● Task description
Which lines below fall between the one containing "by (intro integral_subset_le" and the one containing "using tov_mass_bounds[OF admissible_density_continuous[OF"? Repeat them exactly, counting both of those lines, and add nothing else.

Stored data entries:
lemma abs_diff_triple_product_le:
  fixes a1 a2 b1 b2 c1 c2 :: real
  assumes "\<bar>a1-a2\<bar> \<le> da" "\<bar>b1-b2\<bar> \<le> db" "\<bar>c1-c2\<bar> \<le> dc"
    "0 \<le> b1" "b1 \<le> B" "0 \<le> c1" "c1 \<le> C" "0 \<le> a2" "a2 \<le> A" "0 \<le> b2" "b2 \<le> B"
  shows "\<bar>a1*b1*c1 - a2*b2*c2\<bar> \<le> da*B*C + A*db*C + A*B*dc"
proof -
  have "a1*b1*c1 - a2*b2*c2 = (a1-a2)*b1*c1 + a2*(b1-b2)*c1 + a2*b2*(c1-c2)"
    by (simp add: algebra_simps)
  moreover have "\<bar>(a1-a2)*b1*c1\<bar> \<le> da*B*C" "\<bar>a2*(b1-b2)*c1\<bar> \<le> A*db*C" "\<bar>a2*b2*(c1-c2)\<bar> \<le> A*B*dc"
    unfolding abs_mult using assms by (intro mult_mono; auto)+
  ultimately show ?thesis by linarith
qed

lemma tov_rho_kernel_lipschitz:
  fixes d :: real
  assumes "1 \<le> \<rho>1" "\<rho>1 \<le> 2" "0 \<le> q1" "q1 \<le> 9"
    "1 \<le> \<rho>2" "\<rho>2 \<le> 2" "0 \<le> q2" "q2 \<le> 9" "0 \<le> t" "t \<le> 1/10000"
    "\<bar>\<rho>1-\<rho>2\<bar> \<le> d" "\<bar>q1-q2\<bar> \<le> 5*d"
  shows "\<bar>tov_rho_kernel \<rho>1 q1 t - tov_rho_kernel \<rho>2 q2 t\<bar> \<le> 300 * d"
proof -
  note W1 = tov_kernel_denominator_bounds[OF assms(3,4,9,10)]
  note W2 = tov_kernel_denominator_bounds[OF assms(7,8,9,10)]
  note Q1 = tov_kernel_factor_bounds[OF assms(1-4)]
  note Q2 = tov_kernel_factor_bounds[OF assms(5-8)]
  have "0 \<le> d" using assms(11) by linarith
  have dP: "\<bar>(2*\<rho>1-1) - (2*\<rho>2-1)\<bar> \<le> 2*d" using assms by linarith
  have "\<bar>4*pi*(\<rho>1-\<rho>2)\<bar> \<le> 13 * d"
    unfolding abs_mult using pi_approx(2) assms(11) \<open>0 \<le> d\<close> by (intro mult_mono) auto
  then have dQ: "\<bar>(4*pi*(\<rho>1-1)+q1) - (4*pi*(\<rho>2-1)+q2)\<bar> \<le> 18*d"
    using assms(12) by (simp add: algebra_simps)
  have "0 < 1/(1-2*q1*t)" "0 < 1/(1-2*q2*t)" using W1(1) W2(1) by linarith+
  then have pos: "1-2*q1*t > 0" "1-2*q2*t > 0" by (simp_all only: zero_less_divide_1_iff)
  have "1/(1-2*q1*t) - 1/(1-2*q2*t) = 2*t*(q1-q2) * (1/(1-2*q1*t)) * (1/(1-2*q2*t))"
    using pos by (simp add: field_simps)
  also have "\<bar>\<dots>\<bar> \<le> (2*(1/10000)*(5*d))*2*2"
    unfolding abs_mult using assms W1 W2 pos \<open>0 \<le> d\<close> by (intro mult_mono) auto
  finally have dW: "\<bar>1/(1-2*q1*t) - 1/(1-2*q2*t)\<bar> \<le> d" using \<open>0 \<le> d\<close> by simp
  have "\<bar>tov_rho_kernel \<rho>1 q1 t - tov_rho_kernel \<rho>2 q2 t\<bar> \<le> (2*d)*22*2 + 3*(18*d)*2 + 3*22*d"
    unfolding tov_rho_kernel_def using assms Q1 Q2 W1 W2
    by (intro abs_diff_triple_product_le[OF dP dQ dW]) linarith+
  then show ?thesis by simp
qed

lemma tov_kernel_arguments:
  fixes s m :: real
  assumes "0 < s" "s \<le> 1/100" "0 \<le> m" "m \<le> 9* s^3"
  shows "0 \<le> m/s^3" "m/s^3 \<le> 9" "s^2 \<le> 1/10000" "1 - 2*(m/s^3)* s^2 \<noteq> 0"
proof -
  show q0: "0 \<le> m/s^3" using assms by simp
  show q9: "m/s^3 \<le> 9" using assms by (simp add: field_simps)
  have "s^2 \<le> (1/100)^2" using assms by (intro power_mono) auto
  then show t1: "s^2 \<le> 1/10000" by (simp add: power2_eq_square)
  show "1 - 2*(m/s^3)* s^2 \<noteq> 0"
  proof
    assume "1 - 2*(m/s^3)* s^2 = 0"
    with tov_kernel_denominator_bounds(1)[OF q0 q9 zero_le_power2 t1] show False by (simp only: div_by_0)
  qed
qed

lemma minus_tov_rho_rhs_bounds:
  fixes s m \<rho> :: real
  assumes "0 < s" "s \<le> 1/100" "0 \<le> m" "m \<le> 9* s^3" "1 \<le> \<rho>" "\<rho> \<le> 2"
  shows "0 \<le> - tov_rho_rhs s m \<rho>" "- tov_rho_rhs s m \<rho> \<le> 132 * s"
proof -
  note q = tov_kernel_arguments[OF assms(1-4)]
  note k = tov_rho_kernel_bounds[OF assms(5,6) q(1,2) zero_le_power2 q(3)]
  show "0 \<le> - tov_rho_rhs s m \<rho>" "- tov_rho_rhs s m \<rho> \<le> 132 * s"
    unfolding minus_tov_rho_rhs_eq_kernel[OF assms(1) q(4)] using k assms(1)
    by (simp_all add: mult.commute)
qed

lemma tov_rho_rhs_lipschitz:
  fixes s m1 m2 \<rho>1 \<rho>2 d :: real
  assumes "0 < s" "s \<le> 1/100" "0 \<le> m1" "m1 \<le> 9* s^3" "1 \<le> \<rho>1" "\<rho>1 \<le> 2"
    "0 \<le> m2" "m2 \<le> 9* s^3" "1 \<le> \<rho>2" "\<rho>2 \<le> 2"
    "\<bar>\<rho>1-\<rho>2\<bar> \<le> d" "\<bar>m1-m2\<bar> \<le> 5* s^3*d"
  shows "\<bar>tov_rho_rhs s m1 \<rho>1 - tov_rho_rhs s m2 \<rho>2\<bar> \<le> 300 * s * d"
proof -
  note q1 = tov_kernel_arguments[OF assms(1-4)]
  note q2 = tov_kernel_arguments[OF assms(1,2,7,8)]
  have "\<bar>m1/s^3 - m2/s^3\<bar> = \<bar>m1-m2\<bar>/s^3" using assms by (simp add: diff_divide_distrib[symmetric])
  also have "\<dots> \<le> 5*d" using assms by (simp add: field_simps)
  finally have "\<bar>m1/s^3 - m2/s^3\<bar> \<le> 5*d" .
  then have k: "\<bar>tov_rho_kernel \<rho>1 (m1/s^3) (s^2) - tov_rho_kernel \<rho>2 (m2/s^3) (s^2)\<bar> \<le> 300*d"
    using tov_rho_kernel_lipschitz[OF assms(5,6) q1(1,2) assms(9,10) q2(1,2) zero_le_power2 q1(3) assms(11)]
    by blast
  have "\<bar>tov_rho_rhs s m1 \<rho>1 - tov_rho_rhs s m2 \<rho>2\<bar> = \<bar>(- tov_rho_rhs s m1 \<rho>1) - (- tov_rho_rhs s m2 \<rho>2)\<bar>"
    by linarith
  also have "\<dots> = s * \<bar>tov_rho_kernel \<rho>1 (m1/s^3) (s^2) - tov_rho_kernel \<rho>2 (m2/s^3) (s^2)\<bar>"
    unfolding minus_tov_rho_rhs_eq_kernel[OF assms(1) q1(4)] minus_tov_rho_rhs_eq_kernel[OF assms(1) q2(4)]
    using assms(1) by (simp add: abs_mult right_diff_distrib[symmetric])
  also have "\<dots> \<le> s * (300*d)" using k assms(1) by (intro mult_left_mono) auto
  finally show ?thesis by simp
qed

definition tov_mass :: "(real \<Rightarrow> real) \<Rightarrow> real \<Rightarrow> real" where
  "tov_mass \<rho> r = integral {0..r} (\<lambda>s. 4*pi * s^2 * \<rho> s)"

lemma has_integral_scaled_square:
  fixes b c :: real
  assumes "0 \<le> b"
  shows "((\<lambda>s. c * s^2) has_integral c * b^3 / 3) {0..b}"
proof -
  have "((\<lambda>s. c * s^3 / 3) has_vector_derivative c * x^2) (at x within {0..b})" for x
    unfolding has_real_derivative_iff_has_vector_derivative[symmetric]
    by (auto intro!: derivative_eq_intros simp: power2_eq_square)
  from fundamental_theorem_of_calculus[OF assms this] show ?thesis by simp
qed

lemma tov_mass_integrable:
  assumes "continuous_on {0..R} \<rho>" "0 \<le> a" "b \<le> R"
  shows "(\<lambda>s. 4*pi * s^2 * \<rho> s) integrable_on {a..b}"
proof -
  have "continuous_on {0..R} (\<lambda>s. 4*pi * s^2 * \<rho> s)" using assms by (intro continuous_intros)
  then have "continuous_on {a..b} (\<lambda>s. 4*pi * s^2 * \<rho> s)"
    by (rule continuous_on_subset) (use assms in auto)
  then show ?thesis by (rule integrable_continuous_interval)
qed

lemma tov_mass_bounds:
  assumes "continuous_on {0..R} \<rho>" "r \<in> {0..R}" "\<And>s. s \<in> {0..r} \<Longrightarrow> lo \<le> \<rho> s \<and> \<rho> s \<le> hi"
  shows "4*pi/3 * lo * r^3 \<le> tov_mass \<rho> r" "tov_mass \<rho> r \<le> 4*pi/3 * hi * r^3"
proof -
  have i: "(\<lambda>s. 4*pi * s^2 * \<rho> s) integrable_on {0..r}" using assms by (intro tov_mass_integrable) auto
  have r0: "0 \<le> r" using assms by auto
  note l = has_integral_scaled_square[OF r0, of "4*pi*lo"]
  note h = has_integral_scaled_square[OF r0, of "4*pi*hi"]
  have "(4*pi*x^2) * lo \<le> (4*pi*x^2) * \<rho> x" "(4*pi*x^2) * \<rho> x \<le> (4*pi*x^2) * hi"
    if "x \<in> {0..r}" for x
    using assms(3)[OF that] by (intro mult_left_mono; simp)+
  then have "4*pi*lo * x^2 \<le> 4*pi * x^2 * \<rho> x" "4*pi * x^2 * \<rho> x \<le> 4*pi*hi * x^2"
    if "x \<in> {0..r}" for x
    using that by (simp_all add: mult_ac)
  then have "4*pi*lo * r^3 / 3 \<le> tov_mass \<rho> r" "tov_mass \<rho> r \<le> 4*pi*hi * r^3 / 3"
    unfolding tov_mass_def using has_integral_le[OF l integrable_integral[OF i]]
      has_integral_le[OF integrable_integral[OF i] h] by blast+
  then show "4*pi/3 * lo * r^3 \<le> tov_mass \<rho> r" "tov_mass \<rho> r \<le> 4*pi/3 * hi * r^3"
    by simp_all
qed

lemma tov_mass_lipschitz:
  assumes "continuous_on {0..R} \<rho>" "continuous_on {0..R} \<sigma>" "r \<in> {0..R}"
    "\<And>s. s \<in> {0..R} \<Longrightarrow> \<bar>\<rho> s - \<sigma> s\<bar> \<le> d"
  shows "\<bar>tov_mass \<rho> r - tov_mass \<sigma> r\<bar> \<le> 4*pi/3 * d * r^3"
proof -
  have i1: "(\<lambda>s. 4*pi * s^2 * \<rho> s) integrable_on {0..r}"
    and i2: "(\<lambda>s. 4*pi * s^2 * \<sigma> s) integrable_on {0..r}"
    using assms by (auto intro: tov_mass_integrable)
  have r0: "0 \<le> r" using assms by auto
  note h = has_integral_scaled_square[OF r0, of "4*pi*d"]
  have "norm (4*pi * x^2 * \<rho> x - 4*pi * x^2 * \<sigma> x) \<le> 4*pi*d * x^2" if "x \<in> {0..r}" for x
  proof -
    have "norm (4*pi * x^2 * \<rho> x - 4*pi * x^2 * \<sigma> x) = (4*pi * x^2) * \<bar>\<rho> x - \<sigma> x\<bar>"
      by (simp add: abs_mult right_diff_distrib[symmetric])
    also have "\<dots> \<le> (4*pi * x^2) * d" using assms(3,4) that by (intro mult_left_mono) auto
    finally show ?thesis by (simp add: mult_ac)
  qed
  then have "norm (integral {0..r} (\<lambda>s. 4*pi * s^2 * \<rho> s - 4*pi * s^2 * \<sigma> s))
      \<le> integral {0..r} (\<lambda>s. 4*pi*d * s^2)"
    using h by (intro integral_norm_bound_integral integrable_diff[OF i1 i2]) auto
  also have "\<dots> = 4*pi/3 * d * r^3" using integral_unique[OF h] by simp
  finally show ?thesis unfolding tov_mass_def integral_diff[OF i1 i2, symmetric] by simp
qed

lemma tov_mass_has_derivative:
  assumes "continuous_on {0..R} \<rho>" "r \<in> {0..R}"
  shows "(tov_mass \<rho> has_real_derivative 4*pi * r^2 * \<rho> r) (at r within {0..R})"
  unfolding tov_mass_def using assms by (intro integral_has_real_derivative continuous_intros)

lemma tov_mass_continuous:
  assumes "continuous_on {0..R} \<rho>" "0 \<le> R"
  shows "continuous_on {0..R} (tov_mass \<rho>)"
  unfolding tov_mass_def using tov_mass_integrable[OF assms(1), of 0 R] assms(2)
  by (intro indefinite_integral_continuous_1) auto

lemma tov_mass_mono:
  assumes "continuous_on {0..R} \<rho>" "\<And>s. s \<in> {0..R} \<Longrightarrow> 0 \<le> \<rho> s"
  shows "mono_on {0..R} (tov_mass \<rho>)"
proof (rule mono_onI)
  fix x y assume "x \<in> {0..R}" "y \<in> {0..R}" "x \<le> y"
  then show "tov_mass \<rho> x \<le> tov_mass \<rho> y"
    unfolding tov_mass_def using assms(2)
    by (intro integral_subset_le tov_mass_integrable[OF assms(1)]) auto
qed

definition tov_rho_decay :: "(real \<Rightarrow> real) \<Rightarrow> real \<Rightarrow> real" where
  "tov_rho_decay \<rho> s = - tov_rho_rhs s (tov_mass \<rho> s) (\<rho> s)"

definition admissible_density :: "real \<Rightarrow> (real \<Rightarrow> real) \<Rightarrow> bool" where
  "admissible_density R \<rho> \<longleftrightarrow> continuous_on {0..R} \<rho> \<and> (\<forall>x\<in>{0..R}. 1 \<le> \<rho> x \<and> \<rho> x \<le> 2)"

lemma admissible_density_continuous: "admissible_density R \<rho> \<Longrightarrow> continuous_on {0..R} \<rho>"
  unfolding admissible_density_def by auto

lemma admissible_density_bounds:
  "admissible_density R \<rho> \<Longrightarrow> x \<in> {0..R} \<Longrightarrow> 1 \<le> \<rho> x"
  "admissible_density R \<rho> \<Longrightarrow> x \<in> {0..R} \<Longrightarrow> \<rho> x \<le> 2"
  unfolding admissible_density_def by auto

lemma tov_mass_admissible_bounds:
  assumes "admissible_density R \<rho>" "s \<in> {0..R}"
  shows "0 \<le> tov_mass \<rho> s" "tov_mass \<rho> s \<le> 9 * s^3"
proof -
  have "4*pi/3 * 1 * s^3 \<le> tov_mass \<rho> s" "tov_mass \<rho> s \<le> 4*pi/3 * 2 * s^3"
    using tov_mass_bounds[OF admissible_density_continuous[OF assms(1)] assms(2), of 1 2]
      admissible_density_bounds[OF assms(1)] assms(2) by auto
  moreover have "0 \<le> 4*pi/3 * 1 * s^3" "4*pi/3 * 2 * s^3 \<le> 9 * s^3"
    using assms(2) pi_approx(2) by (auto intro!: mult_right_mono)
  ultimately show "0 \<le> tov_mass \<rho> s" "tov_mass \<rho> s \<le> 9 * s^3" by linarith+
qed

● Solution to the exercise
    by (intro integral_subset_le tov_mass_integrable[OF assms(1)]) auto
qed

definition tov_rho_decay :: "(real \<Rightarrow> real) \<Rightarrow> real \<Rightarrow> real" where
  "tov_rho_decay \<rho> s = - tov_rho_rhs s (tov_mass \<rho> s) (\<rho> s)"

definition admissible_density :: "real \<Rightarrow> (real \<Rightarrow> real) \<Rightarrow> bool" where
  "admissible_density R \<rho> \<longleftrightarrow> continuous_on {0..R} \<rho> \<and> (\<forall>x\<in>{0..R}. 1 \<le> \<rho> x \<and> \<rho> x \<le> 2)"

lemma admissible_density_continuous: "admissible_density R \<rho> \<Longrightarrow> continuous_on {0..R} \<rho>"
  unfolding admissible_density_def by auto

lemma admissible_density_bounds:
  "admissible_density R \<rho> \<Longrightarrow> x \<in> {0..R} \<Longrightarrow> 1 \<le> \<rho> x"
  "admissible_density R \<rho> \<Longrightarrow> x \<in> {0..R} \<Longrightarrow> \<rho> x \<le> 2"
  unfolding admissible_density_def by auto

lemma tov_mass_admissible_bounds:
  assumes "admissible_density R \<rho>" "s \<in> {0..R}"
  shows "0 \<le> tov_mass \<rho> s" "tov_mass \<rho> s \<le> 9 * s^3"
proof -
  have "4*pi/3 * 1 * s^3 \<le> tov_mass \<rho> s" "tov_mass \<rho> s \<le> 4*pi/3 * 2 * s^3"
    using tov_mass_bounds[OF admissible_density_continuous[OF assms(1)] assms(2), of 1 2]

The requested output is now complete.